Debrecen also represents BMW’s most ambitious use of digital twins and AI in manufacturing.

“The whole plant has been planned virtually in the new system, which we call the factory verse, in our internal naming of it. It’s a project we started with Nvidia a couple of years ago where we synergise the competence of Nvidia from the gaming industry and our knowledge of industrial planning. We’re using all the systems we have for the different components of the plant… but they are now all linked to one virtual, digital twin of the plant.”

The idea is that every planner can work inside a single simulation model, making setup faster and providing a permanent stream of data for optimisation.

“This enabled us to be very fast and effective in setting up this plant, but it gives us a very, very strong base for data. We now have the full scope of this plant in the cloud, and we can apply AI applications to make this plant more effective and utilise all this data for optimisation, quality inspection and logistics,” said Dr Nedeljković.

He emphasised that while Debrecen is the first fossil fuel-free factory, every BMW plant worldwide will follow its own sustainability path, tailored to local resources.

“Every site has a different approach. For instance, in Munich we have geothermal energy. That’s why we have a plan with the city, and it’s already in preparation to utilise geothermal energy for heating and reducing gas consumption.
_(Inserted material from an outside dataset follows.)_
(* In Algorithm MV (see context), if all processes are correct and they all propose the same value $v$, then WHP all processes decide $v$.
   Context: System and adversary: a well-known static set $\Pi$ of $n$ processes; an adversary may adaptively corrupt up to $f=(\frac13-\epsilon)n$ processes during a run, where $\frac{1}{2\ln n}<\epsilon<\frac13$. Corrupted (Byzantine) processes may deviate arbitrarily; uncorrupted processes are correct. Once the adversary corrupts a process it cannot replace messages that process already sent while correct. Every pair of processes is connected by a reliable authenticated link; the network is asynchronous. There is a trusted PKI; the adversary is computationally bounded; $\langle v\rangle_i$ denotes $v$ signed by $p_i$. Validated committee sampling: each $p_i$ has a private function $\mathit{sample}_i(s,\lambda)$ returning $\langle v_i,\sigma_i\rangle$ with $v_i\in\{\mathit{true},\mathit{false}\}$ ($p_i$ is "sampled" iff $v_i=\mathit{true}$, probability $\lambda/n$) and an unforgeable publicly verifiable proof $\sigma_i$; "validly sampled $p_j$" means the message carries a valid such proof. Let $C(s,\lambda)$ be the committee for $s,\lambda$. Parameters: $\lambda=8\ln n$; $\frac1\lambda<d<\frac\epsilon3-\frac1{3\lambda}$; $W=\lceil(\frac23+3d)\lambda\rceil$, $B=\lfloor(\frac13-d)\lambda\rfloor$. Assumed WHP for each committee: (S3) at least $W$ members are correct; (S4) at most $B$ members are Byzantine; (S5) any two $W$-subsets of the committee intersect in at least $B+1$ processes. WHP means with probability tending to $1$ as $n\to\infty$. The binary BA used is a black-box Binary Strong BA WHP: WHP strong unanimity (if all correct processes propose the same bit, any deciding correct process decides it), agreement, and termination. Algorithm MV (code for $p_i$ with input $v_i$; local: $\mathit{count}=0$, empty sets $\mathit{init\text{-}set},\mathit{init\text{-}values\text{-}set},\mathit{converge\text{-}set}$): (1) If $p_i$ is sampled for $(\textsc{init},\lambda)$, broadcast $\langle\textsc{init},v_i\rangle_i$. (2) On receiving $\langle\textsc{init},v_j\rangle_j$ from validly sampled $p_j$: add $j$ to $\mathit{init\text{-}set}$, $v_j$ to $\mathit{init\text{-}values\text{-}set}$. If $p_i$ is sampled for $(\textsc{converge},\lambda)$ and $|\mathit{init\text{-}set}|=W$ for the first time: if $\mathit{init\text{-}values\text{-}set}=\{v_i\}$, batch the $W$ signed \textsc{init} messages into $QC_{v_i}$ and send $\langle\textsc{converge},\mathit{true},QC_{v_i}\rangle_i$ to all; else send $\langle\textsc{converge},\mathit{false},\bot\rangle_i$ to all. (3) On receiving $\langle\textsc{converge},\mathit{is\_content},QC_v\rangle_j$ from validly sampled $p_j$: add $j$ to $\mathit{converge\text{-}set}$; if $\mathit{is\_content}=\mathit{true}$ increment $\mathit{count}$. When $|\mathit{converge\text{-}set}|=W$ for the first time: $\mathit{alert}\gets(\mathit{count}<B+1)$; run binary BA on $\mathit{alert}$; if the output is $\mathit{true}$ decide $\bot$; else wait for some $\langle\textsc{converge},\mathit{true},QC_v\rangle_j$ from a validly sampled $p_j$ and decide $v$. A valid $QC_v$ consists of $W$ signed \textsc{init} messages on $v$ from $W$ distinct validly sampled processes. *)

theory Defs
  imports "HOL-Probability.Probability"
begin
We will use then the same technology from Debrecen in the paint shop to get the paint shop processes done with electricity.”

Other BMW facilities will use hydrogen, bioenergy, or wind and solar, depending on what’s available.

“So you cannot answer with one technological approach for every site on how to do it. You must use the local potentials,” said Dr Nedeljković.

Both executives admitted the path is not simple. Gas remains a cheaper energy source, and recycled materials require careful engineering. But both insisted that integrating sustainability at the core of Neue Klasse makes it achievable without pushing costs unreasonably high.

Dr Nedeljković said Debrecen is the blueprint.

“To set up a new facility like Debrecen from scratch and to make it sustainable, it’s the most effective way you can do it, if you compare it to trying to transform an existing structure into a fully sustainable plant,” he said.

It remains to be seen how effectively the electric vehicles of today will be recycled and reused in the decades to come.